(Records from a data source)

(* Assume Assumption 1 holds, fix any prediction function $\mathcal C$, and let $\hat C(X_{n+1})$ be produced by the standard label-conditional conformal method applied to the contaminated data $\mathcal D$. Suppose that, almost surely, for all $t\in\mathbb R$ and $k\in[K]$, $$\max_{l\neq k}F^k_l(t)\le F^k_k(t).$$ Then $\Delta_k(\hat\tau_k)\ge0$ almost surely for every $k\in[K]$, and hence $\mathbb P[Y_{n+1}\in\hat C(X_{n+1})\mid Y_{n+1}=k]\ge1-\alpha$ for every $k\in[K]$.
   Context: Let $K\ge 2$, $d\ge 1$, $n\ge 2$ be integers and $[m]=\{1,\dots,m\}$. Let $(X_i,Y_i,\tilde Y_i)$, $i\in[n+1]$, be i.i.d. copies of a random triple $(X,Y,\tilde Y)$ with $X\in\mathbb R^d$, true (unobserved) label $Y\in[K]$ and observed, possibly contaminated, label $\tilde Y\in[K]$. The observed data are $\mathcal D=\{(X_i,\tilde Y_i)\}_{i\in[n]}$; $X_{n+1}$ is a test feature vector with unknown label $Y_{n+1}$. The index set $[n]$ is split, independently of all data, into disjoint nonempty sets $\mathcal D^{\mathrm{train}}$ and $\mathcal D^{\mathrm{cal}}$, and a classifier $\hat\pi$ is fitted using only the observations indexed by $\mathcal D^{\mathrm{train}}$. A prediction function is a map $\mathcal C$ (which may depend on $\hat\pi$) assigning to each $x\in\mathbb R^d$ and $\tau=(\tau_1,\dots,\tau_K)\in[0,1]^K$ a set $\mathcal C(x,\tau)\subseteq[K]$ such that: $\mathcal C(x,\tau)$ is nondecreasing (for inclusion) in each coordinate of $\tau$; whether $k\in\mathcal C(x,\tau)$ depends on $\tau$ only through $\tau_k$; and $k\in\mathcal C(x,\tau)$ whenever $\tau_k=1$. The associated conformity score is $\hat s(x,k)=\inf\{\tau_k\in[0,1]: k\in\mathcal C(x,\tau)\}$, and it is understood that $k\in\mathcal C(x,\tau)$ if and only if $\hat s(x,k)\le\tau_k$. Let $\alpha\in(0,1)$. For $k\in[K]$ let $\mathcal D^{\mathrm{cal}}_k=\{i\in\mathcal D^{\mathrm{cal}}:\tilde Y_i=k\}$ and $n_k=|\mathcal D^{\mathrm{cal}}_k|$. All probabilities and expectations are conditional on the split and on $(n_1,\dots,n_K)$, which are treated as fixed with $n_k\ge1$ for all $k$; $n_*=\min_k n_k$. For $k,l\in[K]$ and $t\in\mathbb R$, let $F^k_l(t)=\mathbb P[\hat s(X,k)\le t\mid Y=l,\mathcal D^{\mathrm{train}}]$ and $\tilde F^k_l(t)=\mathbb P[\hat s(X,k)\le t\mid \tilde Y=l,\mathcal D^{\mathrm{train}}]$, where $(X,Y,\tilde Y)$ is a fresh independent copy; the coverage inflation factor is $\Delta_k(t)=F^k_k(t)-\tilde F^k_k(t)$. Standard label-conditional conformal method: for each $k$, $\hat\tau_k$ is the $\lceil(1+n_k)(1-\alpha)\rceil$-th smallest value in $\{\hat s(X_i,k):i\in\mathcal D^{\mathrm{cal}}_k\}$ (with $\hat\tau_k=1$ if $\lceil(1+n_k)(1-\alpha)\rceil>n_k$), and $\hat C(X_{n+1})=\mathcal C(X_{n+1},\hat\tau)$ with $\hat\tau=(\hat\tau_1,\dots,\hat\tau_K)$. Assumption 1 (linear contamination): $\tilde Y$ is conditionally independent of $X$ given $Y$; all classes have positive probability under both $Y$ and $\tilde Y$. Let $M\in[0,1]^{K\times K}$, $M_{kl}=\mathbb P[Y=l\mid\tilde Y=k]$ (rows of $M$ sum to $1$). *)

theory Defs
  imports "HOL-Probability.Probability"
begin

_TASK TO CARRY OUT_
A faithful copy of the lines from the line containing "theory Defs" to the end of the data should be set down, both ends included, and nothing more.

_FINISHED EXERCISE_
theory Defs
  imports "HOL-Probability.Probability"
begin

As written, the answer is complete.